Picture a bouquet of a thousand flowers. In the heart of the bouquet rests a soft-pink rose. The flowers are frozen in time and flawlessly preserved within a glass dome no bigger than your fist. A paperweight.

This particular antique paperweight, a millefiori, has been called the most important paperweight in the world. Sought after by collectors for years and written up in numerous books, its owner vowed to never sell it.

He changed his mind.

The rare antique Clichy paperweight recently sold for $165,000. It may well be the most perfect example of artistry to come out of Clichy, a Paris glass factory flourishing in the mid-19th century.

Paperweights are the most difficult of all the glass arts. Millefiori glass was made by stretching different colored molten glass into extremely thin rods known as canes, gathering them into clusters and then cutting them sideways to produce the thousand flower look.

The well-known French writer Colette decorated her apartment in the Palais Royale with paperweights she found in flea markets and described the artistry as one “who knows how to enclose within a transparent prison the flower and grass blade.” Colette chose only what enchanted her and didn’t worry about minor imperfections in the glass.

Other collectors included Queen Mary, King Farouk, Eva Peron, Truman Capote and Robert Guggenheim.

The market for paperweights grew as Victorian leisure-time grew. The Postal service was new. Letter writing became a popular pastime and accessories related to writing were in big demand. Paperweights were high quality, small and moderately priced.

Clichy is thought to have been manufacturing paperweights as early as 1845. Ten years later three major French glass factories, Saint Louis, Clichy and Baccarat were in full production creating some of the most exquisite and technically perfect paperweights known today.

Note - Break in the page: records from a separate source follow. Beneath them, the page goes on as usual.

text \<open>c_{i,j} (1-based indices; as ! (m-1) = a_m):
  c_{i,0} = 0, c_{i,j} = c_{i,j-1}^(q-2) + a_{i-j+1}.\<close>
fun cF :: "'a::{field,finite} list \<Rightarrow> nat \<Rightarrow> nat \<Rightarrow> 'a" where
  "cF as i 0 = 0"
| "cF as i (Suc j) = (cF as i j) ^ (CARD('a) - 2) + as ! (i - Suc j)"

definition Fmap :: "'a::{field,finite} list \<Rightarrow> 'a list" where
  "Fmap as = map (\<lambda>i. cF as i i) [1..<length as + 1]"

fun Phi :: "'a::{field,finite} list \<Rightarrow> 'a list" where
  "Phi [] = []"
| "Phi (e # es) = map (\<lambda>x. (x - e) ^ (CARD('a) - 2)) es"

definition Gmap :: "'a::{field,finite} list \<Rightarrow> 'a list" where
  "Gmap bs = map (\<lambda>i. hd ((Phi ^^ (i - 1)) bs)) [1..<length bs + 1]"

definition setA :: "('a::{field,finite} option \<Rightarrow> 'a option) \<Rightarrow> nat
    \<Rightarrow> (('a option \<Rightarrow> 'a option) \<times> 'a list) set" where
  "setA \<sigma> k = {(\<mu>, as). deg1 \<mu> \<and> length as = k \<and> \<sigma> = \<mu> \<circ> chainA as}"

definition setC :: "('a::{field,finite} option \<Rightarrow> 'a option) \<Rightarrow> nat
    \<Rightarrow> (('a option \<Rightarrow> 'a option) \<times> 'a list) set" where
  "setC \<sigma> k = {(\<nu>, bs). deg1 \<nu> \<and> length bs = k \<and> \<sigma> = \<nu> \<circ> chainC bs}"

definition calF :: "('a::{field,finite} option \<Rightarrow> 'a option) \<times> 'a list
    \<Rightarrow> ('a option \<Rightarrow> 'a option) \<times> 'a list" where
  "calF p = (case p of (\<mu>, as) \<Rightarrow> (\<mu> \<circ> nu0 as, Fmap as))"

definition calG :: "('a::{field,finite} option \<Rightarrow> 'a option) \<times> 'a list
    \<Rightarrow> ('a option \<Rightarrow> 'a option) \<times> 'a list" where
  "calG p = (case p of (\<nu>, bs) \<Rightarrow> (\<nu> \<circ> mu0 (Gmap bs), Gmap bs))"

end

theory Submission
  imports Defs
begin

text \<open>On F_q we have c^(q-2) = c^(-1), so the monomial x^(q-2) differs from x^(-1) only
  by swapping 0 and \<infinity>; hence x^(q-2) o (x - a) = x^(-1) o (x - a) o (a, \<infinity>).
  Moving these transpositions to the right through the injective maps fixing \<infinity> conjugates
  (a_i, \<infinity>) into (b_i, \<infinity>), where b_i is the preimage of a_i, namely the continued fraction
  a_1 + 1/(a_2 + ... + 1/a_i). Hence x^(q-2) o (x - a_k) o ... o x^(q-2) o (x - a_1) equals
  nu_0 o (b_1, \<infinity>) o ... o (b_k, \<infinity>) with (b_1, ..., b_k) = F(a_1, ..., a_k), and mu_0 inverts
  nu_0. Each Phi strips the leading partial quotient off all continued fractions, so G undoes F;
  F is then an injective self-map of the finite set F_q^k, hence bijective with inverse G.\<close>

lemma power_card_minus_one_eq_1:
  fixes c :: "'a::{field,finite}"
  assumes "c \<noteq> 0"
  shows "c ^ (CARD('a) - 1) = 1"
proof -
  let ?U = "UNIV - {0::'a}"
  have "bij_betw ((*) c) ?U ?U"
  proof (rule bij_betw_byWitness[where f' = "\<lambda>y. y / c"])
  qed (use assms in auto)
  then have "prod id ?U = prod (\<lambda>x. c * x) ?U"
    using prod.reindex_bij_betw[of "(*) c" ?U ?U id] by simp
  also have "\<dots> = c ^ card ?U * prod id ?U"
    by (simp add: prod.distrib)
  finally have "c ^ card ?U = 1"
    by (metis mult_cancel_right1 prod_zero_iff finite DiffE singletonI id_apply)
  then show ?thesis
    by (simp add: card_Diff_singleton)
qed

lemma power_card_minus_two_eq_inverse:
  fixes c :: "'a::{field,finite}"
  assumes "CARD('a) > 2"
  shows "c ^ (CARD('a) - 2) = inverse c"
proof (cases "c = 0")
  case False
  have "CARD('a) - 1 = Suc (CARD('a) - 2)"
    using assms by simp
  then have "c ^ (CARD('a) - 2) * c = 1"
    using power_card_minus_one_eq_1[OF False] by (metis power_Suc2)
  then show ?thesis
    using False by (simp add: field_simps)
qed (use assms in simp)

lemma mob_comp:
  fixes a b c d a' b' c' d' :: "'a::field"
  assumes "a' * d' - b' * c' \<noteq> 0"
  shows "mob a b c d \<circ> mob a' b' c' d'
    = mob (a*a' + b*c') (a*b' + b*d') (c*a' + d*c') (c*b' + d*d')"
proof
  fix z
  show "(mob a b c d \<circ> mob a' b' c' d') z
      = mob (a*a' + b*c') (a*b' + b*d') (c*a' + d*c') (c*b' + d*d') z"
  proof (cases z)
    case None
    show ?thesis
    proof (cases "c' = 0")
      case True
      then have "a' \<noteq> 0"
        using assms by auto
      then show ?thesis
        using None True by (simp add: mob_def)
    next
      case False
      have "c*a' + d*c' = c' * (c * (a'/c') + d)" "a*a' + b*c' = c' * (a * (a'/c') + b)"
        using False by (simp_all add: field_simps)
      then show ?thesis
        using None False by (simp add: mob_def)
    qed
  next
    case (Some x)
    have num: "(a*a' + b*c')*x + (a*b' + b*d') = a*(a'*x + b') + b*(c'*x + d')"
      and den: "(c*a' + d*c')*x + (c*b' + d*d') = c*(a'*x + b') + d*(c'*x + d')"
      by (simp_all add: algebra_simps)
    show ?thesis
    proof (cases "c'*x + d' = 0")
      case True
      \<comment> \<open>a pole of the inner map is not a zero of it\<close>
      have "a'*x + b' \<noteq> 0"
      proof
        assume "a'*x + b' = 0"
        moreover have "a'*d' - b'*c' = a'*(c'*x + d') - c'*(a'*x + b')"
          by (simp add: algebra_simps)
        ultimately show False
          using True assms by simp
      qed
      then show ?thesis
        using Some True by (simp add: mob_def num den)
    next
      case False
      define y where "y = (a'*x + b') / (c'*x + d')"
      have y: "a'*x + b' = (c'*x + d') * y"
        using False by (simp add: y_def)
      have "(c*a' + d*c')*x + (c*b' + d*d') = (c'*x + d')*(c*y + d)"
        and "(a*a' + b*c')*x + (a*b' + b*d') = (c'*x + d')*(a*y + b)"
        unfolding num den y by (simp_all add: algebra_simps)
      then show ?thesis
        using Some False by (simp add: mob_def y_def[symmetric])
    qed
  qed
qed
(* Let $N\ge 1$, let $a_1,\dots,a_N\in\{0,1\}$ with $a=\sum_i a_i$, and let $h_{UB}\sim\mathcal{CN}(0,\gamma^2)$, $h_{UR,i}\sim\mathcal{CN}(0,\alpha^2)$, $h_{RB,i}\sim\mathcal{CN}(0,\beta^2)$ ($i=1,\dots,N$) be mutually independent, with $\alpha,\beta,\gamma>0$. For $\overline{\gamma}_s>0$ define $$\gamma_s=\overline{\gamma}_s\Big[\Big(|h_{UB}|+\sum_{i=1}^N(1-a_i)|h_{RB,i}||h_{UR,i}|\Big)^2+\sum_{i=1}^N a_i|h_{UR,i}|^2\Big].$$ Then $$\mathbb{E}[\gamma_s]=\overline{\gamma}_s\Big[N^2\tfrac{\pi^2}{16}\alpha^2\beta^2+\alpha^2\beta^2\Big(N\big(1-\tfrac{\pi^2}{8}a-\tfrac{\pi^2}{16}\big)+\tfrac{\pi^2}{16}a(a+1)-a\Big)+\alpha\beta\gamma\,\tfrac{\pi\sqrt{\pi}}{4}(N-a)+a\alpha^2+\gamma^2\Big],$$ $$\mathbb{E}[\gamma_s^2]=\overline{\gamma}_s^2\Big[2\gamma^4+6(N-a)\big(1+\tfrac{\pi^2}{16}(N-a-1)\big)\gamma^2\alpha^2\beta^2+\tfrac{3\pi\sqrt{\pi}}{4}(N-a)\gamma^3\alpha\beta+C_4\alpha^4\beta^4+2\sqrt{\pi}\,C_3\alpha^3\beta^3\gamma+2a\gamma^2\alpha^2+2(N-a)\big(1+\tfrac{\pi^2}{16}(N-a-1)\big)a\alpha^4\beta^2+\tfrac{\pi\sqrt{\pi}}{2}(N-a)a\alpha^3\gamma\beta+a(a+1)\alpha^4\Big],$$ where $C_3=\tfrac{9\pi}{16}(N-a)+\tfrac{3\pi}{4}(N-a)(N-a-1)+\tfrac{\pi^3}{64}(N-a)(N-a-1)(N-a-2)$ and $C_4=4(N-a)+\tfrac{9\pi^2}{16}(N-a)(N-a-1)+3(N-a)(N-a-1)+\tfrac{6\pi^2}{16}(N-a)(N-a-1)(N-a-2)+\tfrac{\pi^4}{256}(N-a)(N-a-1)(N-a-2)(N-a-3)$. Consequently, the Gamma distribution $\Gamma(k,p)$ with the same first two moments as $\gamma_s$ (used as an approximation of the distribution of $\gamma_s$) has shape $k=\frac{\mathbb{E}[\gamma_s]^2}{\mathbb{E}[\gamma_s^2]-\mathbb{E}[\gamma_s]^2}$ and scale $p=\frac{\mathbb{E}[\gamma_s^2]-\mathbb{E}[\gamma_s]^2}{\mathbb{E}[\gamma_s]}$.
   Context: $\gamma_s$ is the received SNR of an uplink single-antenna user / single-antenna base station system aided by an $N$-element RDARS surface, of which $a$ elements ($a_i=1$) operate as remote antennas connected to the base station and $N-a$ elements ($a_i=0$) operate as passive reflectors with optimal (coherently aligned) phase shifts, under maximum ratio combining and equal noise variances; $\overline{\gamma}_s$ is the transmit SNR. $\mathcal{CN}(0,\sigma^2)$ is the circularly symmetric complex Gaussian distribution. $\Gamma(k,p)$ denotes the Gamma distribution with shape $k$ and scale $p$. *)

theory Defs
  imports "HOL-Probability.Probability"
begin

datatype chan = UB | UR nat | RB nat

definition CN_density :: "real \<Rightarrow> complex \<Rightarrow> ennreal" where
  "CN_density s2 z = ennreal (exp (- (norm z * norm z) / s2) / (pi * s2))"

definition gamma_density :: "real \<Rightarrow> real \<Rightarrow> real \<Rightarrow> real" where
  "gamma_density k p x =
     (if 0 < x then x powr (k - 1) * exp (- x / p) / (Gamma k * p powr k) else 0)"

definition rdars_snr ::
  "nat \<Rightarrow> (nat \<Rightarrow> real) \<Rightarrow> real \<Rightarrow> complex \<Rightarrow> (nat \<Rightarrow> complex) \<Rightarrow> (nat \<Rightarrow> complex) \<Rightarrow> real" where
  "rdars_snr N A gbar hUB hUR hRB =
     gbar * ((cmod hUB + (\<Sum>i=1..N. (1 - A i) * cmod (hRB i) * cmod (hUR i)))^2
             + (\<Sum>i=1..N. A i * (cmod (hUR i))^2))"

end

theory Submission
  imports Defs
begin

The Great Exposition at the Crystal Palace in London in 1851 featured 100,000 exhibits and lasted five months. Clichy was the only French glasshouse whose paperweights were displayed. Viewed by over six million visitors, paperweights became a commodity worldwide.

What makes this particular paperweight great? It’s a visual and technical masterpiece. A frozen garden brought to life in glass through complex, evenly and masterfully distributed canes.

All the delicate distinctions a millefiori connoisseur wants are in place. The artisan was so sure of the quality of this paperweight he gave it a unique full CLICHY signature. Very few Clichy paperweights are signed. When a signature does appear, the most frequently seen is a simply “C.”

Paperweights like this are an inspiration to modern glass artists. Today, some of the contemporary paperweights are as well-crafted and desirable as the old ones.

On Oct. 17, L.H. Selman in Santa Cruz, Calif., featured this rare piece in its Paperweight auction. Here are some other current values for paperweights.


Saint Louis 2000; Rondo Flora; spiraling garland of complex canes, including number 2000; includes white flower; signature; 3-3/8 inches diameter; $1,100.

Baccarat; antique; miniature wheatflower; pale-yellow with black-spotted petals; 2-1/4 inches diameter; $1,650.

Saint Louis; antique; millefiori mushroom; multi-colored; star-cut base; 2-13/16 inches diameter; $2,475.

Clichy; antique; scattered multi-colored millefiori; 3-1/8 inches; $2,475.

Paul Ysart; large butterfly motif with millefiori multi-colored wings; signature; 3-9/16 inches diameter; $3,300.

Bob Banford gingham-cut green-over-white double overlay paperweight; containing bouquet of five pink flowers; signature; 2-15/16 inches diameter; $4,125.

Mount Washington; magnum rose-colored dahlia paperweight; suggesting a flower not completely opened; 4-5/16 inches diameter; $38,500.